Interestingly, in the highest NYHA class (IV; n=50 patients; of these, 27 were in propensity score stratum 5), RI was associated with a significant increase in survival time (p<0.001, Figure 2, HR = 0.15; 95%-CI= [0.05-0.44]), whereas patients with RI in NYHA classes II and III showed no statistically significant improvement in survival time compared to patients without RI (p>0.8, supplementary figures 8&9). Similarly, patients in the highest quartile for NT-proBNP with RI showed a significantly longer survival compared to patients without RI (p=0.04, Figure 3, HR = 0.53; 95%-CI=[0.29-0.98]), whereas patients in the lower quartiles 1-3 for NT-proBNP showed no difference in survival depending on RI (p=0.87, supplementary figure 10).
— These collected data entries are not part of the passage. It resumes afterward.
lemma mgf_bound_cond_pmf_split:
  fixes f :: "'a \<Rightarrow> real"
  assumes fin: "finite (set_pmf p)"
    and ne: "set_pmf p \<inter> A \<noteq> {}" "set_pmf p \<inter> - A \<noteq> {}"
    and mgf: "\<And>B. B \<in> {A, - A} \<Longrightarrow> measure_pmf.expectation (cond_pmf p B) (\<lambda>x. exp (l * f x))
               \<le> exp (l * measure_pmf.expectation (cond_pmf p B) f + K)"
    and gap: "\<bar>measure_pmf.expectation (cond_pmf p A) f - measure_pmf.expectation (cond_pmf p (- A)) f\<bar> \<le> c"
  shows "measure_pmf.expectation p (\<lambda>x. exp (l * f x))
           \<le> exp (l * measure_pmf.expectation p f + K + l\<^sup>2 * c\<^sup>2 / 8)"
proof -
  define q where "q = measure_pmf.prob p A"
  define a1 where "a1 = measure_pmf.expectation (cond_pmf p A) f"
  define a0 where "a0 = measure_pmf.expectation (cond_pmf p (- A)) f"
  have q: "0 \<le> q" "q \<le> 1" "measure_pmf.prob p (- A) = 1 - q"
    by (simp_all add: q_def measure_pmf_prob_Compl)
  have "\<bar>a1 - a0\<bar>\<^sup>2 \<le> c\<^sup>2"
    using gap by (intro power_mono) (auto simp: a1_def a0_def)
  then have gap2: "(a1 - a0)\<^sup>2 \<le> c\<^sup>2"
    by simp
  have "measure_pmf.expectation p (\<lambda>x. exp (l * f x))
      = q * measure_pmf.expectation (cond_pmf p A) (\<lambda>x. exp (l * f x))
        + (1 - q) * measure_pmf.expectation (cond_pmf p (- A)) (\<lambda>x. exp (l * f x))"
    using expectation_split_cond_pmf[OF fin ne] q by (simp add: q_def)
  also have "\<dots> \<le> q * exp (l * a1 + K) + (1 - q) * exp (l * a0 + K)"
    using mgf[of A] mgf[of "- A"] q unfolding a1_def a0_def
    by (intro add_mono mult_left_mono) auto
  also have "\<dots> = exp K * (q * exp (l * a1) + (1 - q) * exp (l * a0))"
    by (simp add: exp_add algebra_simps)
  also have "\<dots> \<le> exp K * exp (l * (q * a1 + (1 - q) * a0) + l\<^sup>2 * (a1 - a0)\<^sup>2 / 8)"
    using Hoeffdings_lemma_two_point[OF q(1,2)] by simp
  also have "\<dots> \<le> exp K * exp (l * measure_pmf.expectation p f + l\<^sup>2 * c\<^sup>2 / 8)"
    using expectation_split_cond_pmf[OF fin ne, of f] q gap2
    by (simp add: a1_def a0_def q_def mult_left_mono)
  also have "\<dots> = exp (l * measure_pmf.expectation p f + K + l\<^sup>2 * c\<^sup>2 / 8)"
    by (simp add: algebra_simps flip: exp_add)
  finally show ?thesis .
qed

lemma Chernoff_bounds_pmf:
  fixes f :: "'a \<Rightarrow> real"
  assumes fin: "finite (set_pmf p)" and V: "V \<ge> 0" and t: "t > 0"
    and mgf: "\<And>l. measure_pmf.expectation p (\<lambda>x. exp (l * f x)) \<le> exp (l * \<mu> + l\<^sup>2 * V)"
  shows "measure_pmf.prob p {x. f x \<ge> \<mu> + t} \<le> exp (- (t\<^sup>2) / (4 * V))"
    and "measure_pmf.prob p {x. f x \<le> \<mu> - t} \<le> exp (- (t\<^sup>2) / (4 * V))"
proof -
  have "measure_pmf.prob p {x. f x \<ge> \<mu> + t} \<le> exp (- (t\<^sup>2) / (4 * V))
      \<and> measure_pmf.prob p {x. f x \<le> \<mu> - t} \<le> exp (- (t\<^sup>2) / (4 * V))"
  proof (cases "V = 0")
    case True
    then show ?thesis by simp
  next
    case False
    define s where "s = t / (2 * V)"
    have s: "s > 0" using V False t by (simp add: s_def)
    have exponent: "- s * t + s\<^sup>2 * V = - (t\<^sup>2) / (4 * V)"
      using False by (simp add: s_def field_simps power2_eq_square)
    have integrable: "set_integrable p UNIV (\<lambda>x. exp (r * f x))" for r
      using fin by (simp add: set_integrable_def integrable_measure_pmf_finite)
    have "measure_pmf.prob p {x. f x \<ge> \<mu> + t}
        \<le> exp (- s * (\<mu> + t)) * measure_pmf.expectation p (\<lambda>x. exp (s * f x))"
      using measure_pmf.Chernoff_ineq_ge[OF s integrable, of "\<mu> + t"]
      by (simp add: set_lebesgue_integral_def)
    also have "\<dots> \<le> exp (- s * (\<mu> + t)) * exp (s * \<mu> + s\<^sup>2 * V)"
      using mgf by (intro mult_left_mono) auto
    also have "\<dots> = exp (- (t\<^sup>2) / (4 * V))"
      unfolding exponent[symmetric] by (simp add: algebra_simps flip: exp_add)
    moreover have "measure_pmf.prob p {x. f x \<le> \<mu> - t}
        \<le> exp (s * (\<mu> - t)) * measure_pmf.expectation p (\<lambda>x. exp (- s * f x))"
      using measure_pmf.Chernoff_ineq_le[OF s integrable, of "\<mu> - t"]
      by (simp add: set_lebesgue_integral_def)
    moreover have "exp (s * (\<mu> - t)) * measure_pmf.expectation p (\<lambda>x. exp (- s * f x))
        \<le> exp (s * (\<mu> - t)) * exp (- s * \<mu> + s\<^sup>2 * V)"
      using mgf[of "- s"] by (intro mult_left_mono) auto
    moreover have "exp (s * (\<mu> - t)) * exp (- s * \<mu> + s\<^sup>2 * V) = exp (- (t\<^sup>2) / (4 * V))"
      unfolding exponent[symmetric] by (simp add: algebra_simps flip: exp_add)
    ultimately show ?thesis by linarith
  qed
  then show "measure_pmf.prob p {x. f x \<ge> \<mu> + t} \<le> exp (- (t\<^sup>2) / (4 * V))"
    and "measure_pmf.prob p {x. f x \<le> \<mu> - t} \<le> exp (- (t\<^sup>2) / (4 * V))"
    by auto
qed

lemma cond_pmf_coord_preserves:
  assumes sup: "set_pmf p \<subseteq> {xs. length xs = n}" and nr: "neg_regression n p"
    and i: "i \<in> nonconst_coords n p" and ne: "set_pmf p \<inter> {xs. xs ! i = b} \<noteq> {}"
  shows "set_pmf (cond_pmf p {xs. xs ! i = b}) \<subseteq> {xs. length xs = n}"
    and "neg_regression n (cond_pmf p {xs. xs ! i = b})"
    and "card (nonconst_coords n (cond_pmf p {xs. xs ! i = b})) < card (nonconst_coords n p)"
proof -
  show "set_pmf (cond_pmf p {xs. xs ! i = b}) \<subseteq> {xs. length xs = n}"
    using sup ne by auto
  show "neg_regression n (cond_pmf p {xs. xs ! i = b})"
    using neg_regression_cond_pmf[OF sup nr _ ne] i by (simp add: nonconst_coords_iff)
  have "nonconst_coords n (cond_pmf p {xs. xs ! i = b}) \<subseteq> nonconst_coords n p - {i}"
    using ne by (auto simp: nonconst_coords_def)
  then have "nonconst_coords n (cond_pmf p {xs. xs ! i = b}) \<subset> nonconst_coords n p"
    using i by blast
  then show "card (nonconst_coords n (cond_pmf p {xs. xs ! i = b})) < card (nonconst_coords n p)"
    by (rule psubset_card_mono[OF finite_subset[OF nonconst_coords_subset finite_lessThan]])
qed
In our first sensitivity analysis, the Cox regression model showed a significant effect of RI (p=0.02) when interaction terms between RI and NYHA as well as between RI and NT-proBNP (NYHA*RI: p= 0.04, NT-proBNP*RI: p = 0.0015; supplementary table 2) were included in the model. Further sensitivity analyses confirmed the robustness of the survival benefit of patients with RI in propensity stratum 5 and in the subgroup of patients with NYHA class IV, using different definitions of “RI” based on larger improvements (5% or 10%) of either serum creatinine or eGFR with similar estimated HRs (see supplementary table 3). The survival benefit in the subgroup of patients with elevated NT-proBNP (baseline values in the upper quartile) was not as clear in the sensitivity analyses.